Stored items

(* Let $\Gamma_H$ be the H-junction tree with edges $e_1,\dots,e_5$ of propagation times $t_1,\dots,t_5$, where the interior vertices are $A$ (incident to $e_1,e_2,e_3$) and $B$ (incident to $e_3,e_4,e_5$), and let $\Gamma'_H$ be obtained from $\Gamma_H$ by permuting the edges $e_1$ and $e_5$ (so in $\Gamma'_H$ the vertex $A$ is incident to $e_5,e_2,e_3$ and $B$ to $e_3,e_4,e_1$). If $(t_1,\dots,t_5)$ satisfies Assumption 1, then as $T\to\infty$ $$N(\Gamma_H, A, T) - N(\Gamma'_H, A, T) = -\frac{1}{96\, t_2t_4}\left(\frac{1}{t_5} - \frac{1}{t_1}\right) T^3 + o(T^3).$$
   Context: An H-junction has six vertices: two interior vertices of valence $3$ joined by one edge (here $e_3$, the "jumper"), and four valence-one vertices, each joined to one of the interior vertices by one of the remaining four edges (two per interior vertex). Dynamics: each edge $e_i$ is traversed in time $t_i$; at time $0$ the process starts at $A$ (a point departs from $A$ along each incident edge); at a valence-one vertex a point is reflected; if $k$ points arrive simultaneously at an interior vertex of valence $v$, then $v$ points leave it, one along each incident edge. $N(\Gamma,A,T)$ is the total number of points moving on the graph $\Gamma$ at time $T$ when the process starts at vertex $A$. Assumption 1: $t_1,\dots,t_5$ are linearly independent over $\mathbb{Q}$, and for every $1\le m\le 4$ and every $m$-element subset $\{s_{i_1},\dots,s_{i_m}\}\subset\{t_1,\dots,t_5\}$ the number of tuples of nonnegative integers with $s_{i_1}n_{i_1}+\dots+s_{i_m}n_{i_m}\le T$ equals $P_m(s_{i_1},\dots,s_{i_m})T^4+R_m(s_{i_1},\dots,s_{i_m})T^3+o(T^3)$ as $T\to\infty$, for some coefficients $P_m,R_m$. *)

theory Defs
  imports Complex_Main "HOL-Library.Landau_Symbols"
begin

(* A finite metric graph: edge set E, endpoint map ep (an edge e joins fst (ep e)
   and snd (ep e)), traversal times len. *)
definition incident :: "'e set \<Rightarrow> ('e \<Rightarrow> 'v \<times> 'v) \<Rightarrow> 'v \<Rightarrow> 'e set" where
  "incident E ep v = {e \<in> E. fst (ep e) = v \<or> snd (ep e) = v}"

definition other_end :: "('e \<Rightarrow> 'v \<times> 'v) \<Rightarrow> 'e \<Rightarrow> 'v \<Rightarrow> 'v" where
  "other_end ep e u = (if u = fst (ep e) then snd (ep e) else fst (ep e))"

(* (e, u, s): a point departs from vertex u along edge e at time s. A point departing
   u along e at time s arrives at w = other end at time s + len e; then one point
   departs w along every edge incident to w (for a valence-one vertex this is the
   reflection; simultaneous arrivals are merged automatically since this is a set). *)
inductive_set moving :: "'e set \<Rightarrow> ('e \<Rightarrow> 'v \<times> 'v) \<Rightarrow> ('e \<Rightarrow> real) \<Rightarrow> 'v
    \<Rightarrow> ('e \<times> 'v \<times> real) set"
  for E ep len A where
  start: "e \<in> incident E ep A \<Longrightarrow> (e, A, 0) \<in> moving E ep len A"
| step: "(e, u, s) \<in> moving E ep len A \<Longrightarrow> e' \<in> incident E ep (other_end ep e u)
     \<Longrightarrow> (e', other_end ep e u, s + len e) \<in> moving E ep len A"

definition num_points :: "'e set \<Rightarrow> ('e \<Rightarrow> 'v \<times> 'v) \<Rightarrow> ('e \<Rightarrow> real) \<Rightarrow> 'v \<Rightarrow> real \<Rightarrow> nat" where
  "num_points E ep len A T = card {(e, u, s). (e, u, s) \<in> moving E ep len A \<and> s \<le> T \<and> T < s + len e}"

(* H-junction: interior vertices A = 0, B = 1; leaves 2,3,4,5; edges 1..5, e3 the jumper *)
definition H_edges :: "nat set" where "H_edges = {1..5}"

definition H_ends :: "nat \<Rightarrow> nat \<times> nat" where
  "H_ends e = (if e = 1 then (0, 2) else if e = 2 then (0, 3) else if e = 3 then (0, 1)
               else if e = 4 then (1, 4) else (1, 5))"

definition H'_ends :: "nat \<Rightarrow> nat \<times> nat" where
  "H'_ends e = (if e = 5 then (0, 2) else if e = 2 then (0, 3) else if e = 3 then (0, 1)
               else if e = 4 then (1, 4) else (1, 5))"

definition vA :: nat where "vA = 0"

definition lattice_count :: "(nat \<Rightarrow> real) \<Rightarrow> nat set \<Rightarrow> real \<Rightarrow> nat" where
  "lattice_count t S T = card {n :: nat \<Rightarrow> nat. (\<forall>i. i \<notin> S \<longrightarrow> n i = 0) \<and>
                                 (\<Sum>i\<in>S. t i * real (n i)) \<le> T}"

definition assumption1 :: "(nat \<Rightarrow> real) \<Rightarrow> bool" where
  "assumption1 t \<longleftrightarrow>
     (\<forall>q :: nat \<Rightarrow> rat. (\<Sum>i=1..5. of_rat (q i) * t i) = 0 \<longrightarrow> (\<forall>i\<in>{1..5}. q i = 0)) \<and>
     (\<forall>S. S \<subseteq> {1..5} \<and> 1 \<le> card S \<and> card S \<le> 4 \<longrightarrow>
        (\<exists>P R :: real. (\<lambda>T. real (lattice_count t S T) - (P * T ^ 4 + R * T ^ 3))
                          \<in> o[at_top](\<lambda>T. T ^ 3)))"

end

theory Submission
  imports Defs "HOL-Real_Asymp.Real_Asymp" "HOL-Combinatorics.Permutations"
begin

text \<open>A point moving at time \<open>T\<close> is determined by a walk from \<open>A\<close>, recorded as its end vertex and its
  vector \<open>n\<close> of edge traversal counts, together with the edge it is currently on; by the rational
  independence of the \<open>t\<^sub>i\<close> different walks never meet. Counting the points on each edge from each of
  its ends, the walks ending at a vertex appear with both signs and cancel, leaving for every directed
  edge the walks at its head that do not extend a walk through that edge. On the H-junction the
  reachable \<open>(u, n)\<close> are described by parities and by the condition that the leaves behind the jumper
  are used only after the jumper, so \<open>N(\<Gamma>\<^sub>H, A, T)\<close> becomes a sum of nine counts of lattice points in
  halved simplices. \<open>\<Gamma>'\<^sub>H\<close> is \<open>\<Gamma>\<^sub>H\<close> with \<open>t\<^sub>1\<close> and \<open>t\<^sub>5\<close> exchanged. In the difference only the two
  four-dimensional counts over \<open>{2,3,4,5}\<close> and \<open>{1,2,3,4}\<close> contribute at order \<open>T\<^sup>3\<close>, through a shift
  of their argument by \<open>t\<^sub>3 / 2\<close>, and their leading coefficients \<open>1 / (24 \<Prod>\<^sub>i\<^sub>\<in>\<^sub>S t\<^sub>i)\<close> are forced by
  comparing the counts with volumes.\<close>

section \<open>Lattice points in simplices\<close>

definition lattice_set :: "('i \<Rightarrow> real) \<Rightarrow> 'i set \<Rightarrow> real \<Rightarrow> ('i \<Rightarrow> nat) set" where
  "lattice_set t S x = {n. (\<forall>i. i \<notin> S \<longrightarrow> n i = 0) \<and> (\<Sum>i\<in>S. t i * real (n i)) \<le> x}"

lemma lattice_count_eq_card: "lattice_count t S x = card (lattice_set t S x)"
  by (simp add: lattice_count_def lattice_set_def)

lemma finite_lattice_set:
  assumes "finite S" and pos: "\<forall>i\<in>S. t i > 0"
  shows "finite (lattice_set t S x)"
proof -
  define K where "K = (\<Sum>i\<in>S. nat \<lfloor>x / t i\<rfloor>)"
  have "lattice_set t S x \<subseteq> {n. \<forall>i. (i \<in> S \<longrightarrow> n i \<in> {0..K}) \<and> (i \<notin> S \<longrightarrow> n i = 0)}"
  proof (safe)
    fix n i assume n: "n \<in> lattice_set t S x" and i: "i \<in> S"
    have "t i * real (n i) \<le> (\<Sum>j\<in>S. t j * real (n j))"
      using i pos \<open>finite S\<close> by (intro member_le_sum) (auto simp: less_imp_le)
    also have "\<dots> \<le> x" using n by (simp add: lattice_set_def)
    finally have "real (n i) \<le> x / t i" using pos i by (simp add: field_simps)
    hence "n i \<le> nat \<lfloor>x / t i\<rfloor>" by linarith
    also have "\<dots> \<le> K" unfolding K_def using i \<open>finite S\<close> by (intro member_le_sum) auto
    finally show "n i \<in> {0..K}" by simp
  qed (simp add: lattice_set_def)
  moreover have "finite {n. \<forall>i. (i \<in> S \<longrightarrow> n i \<in> {0..K}) \<and> (i \<notin> S \<longrightarrow> n i = 0)}"
    by (rule finite_set_of_finite_funs) (use \<open>finite S\<close> in auto)
  ultimately show ?thesis by (rule finite_subset)
qed

lemma lattice_set_empty_if_neg:
  assumes "\<forall>i\<in>S. t i > 0" and "x < 0"
  shows "lattice_set t S x = {}"
proof -
  have "0 \<le> (\<Sum>i\<in>S. t i * real (n i))" for n
    using assms(1) by (intro sum_nonneg) (simp add: less_imp_le)
  hence "\<not> (\<Sum>i\<in>S. t i * real (n i)) \<le> x" for n using assms(2) by (meson leD le_less_trans)
  thus ?thesis by (simp add: lattice_set_def)
qed

lemma lattice_count_remove:
  assumes "finite S" and pos: "\<forall>i\<in>S. t i > 0" and "j \<in> S"
  shows "lattice_count t S x = lattice_count t (S - {j}) x + lattice_count t S (x - t j)"
proof -
  let ?L = "lattice_set t S x"
  have sum_j: "(\<Sum>i\<in>S. t i * real (n i)) = t j * real (n j) + (\<Sum>i\<in>S-{j}. t i * real (n i))" for n
    using assms(1,3) by (simp add: sum.remove)
  have sum_upd: "(\<Sum>i\<in>S-{j}. t i * real ((n(j := k)) i)) = (\<Sum>i\<in>S-{j}. t i * real (n i))" for n k
    by (intro sum.cong) auto
  have zero: "{n \<in> ?L. n j = 0} = lattice_set t (S - {j}) x"
    by (auto simp: lattice_set_def sum_j)
  have "bij_betw (\<lambda>n. n(j := n j - 1)) {n \<in> ?L. n j \<noteq> 0} (lattice_set t S (x - t j))"
  proof (rule bij_betw_byWitness[where f' = "\<lambda>n. n(j := Suc (n j))"])
    show "(\<lambda>n. n(j := n j - 1)) ` {n \<in> ?L. n j \<noteq> 0} \<subseteq> lattice_set t S (x - t j)"
      using sum_j sum_upd \<open>j \<in> S\<close>
      by (auto simp: lattice_set_def algebra_simps)
    show "(\<lambda>n. n(j := Suc (n j))) ` lattice_set t S (x - t j) \<subseteq> {n \<in> ?L. n j \<noteq> 0}"
      using sum_j sum_upd \<open>j \<in> S\<close>
      by (auto simp: lattice_set_def algebra_simps)
  qed auto
  hence "card {n \<in> ?L. n j \<noteq> 0} = lattice_count t S (x - t j)"
    by (simp add: bij_betw_same_card lattice_count_eq_card)
  moreover have "card ?L = card {n \<in> ?L. n j = 0} + card {n \<in> ?L. n j \<noteq> 0}"
  proof -
    have "?L = {n \<in> ?L. n j = 0} \<union> {n \<in> ?L. n j \<noteq> 0}" by blast
    thus ?thesis using finite_lattice_set[OF assms(1,2)]
      by (metis (no_types, lifting) card_Un_disjoint disjoint_iff finite_Un mem_Collect_eq)
  qed
  ultimately show ?thesis by (simp add: zero lattice_count_eq_card)
qed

> **What you will do**
The lines sought are those in the data above that include the string "rule"; copy each one.

> **Solution to this exercise**
    by (rule finite_set_of_finite_funs) (use \<open>finite S\<close> in auto)
  ultimately show ?thesis by (rule finite_subset)
  proof (rule bij_betw_byWitness[where f' = "\<lambda>n. n(j := Suc (n j))"])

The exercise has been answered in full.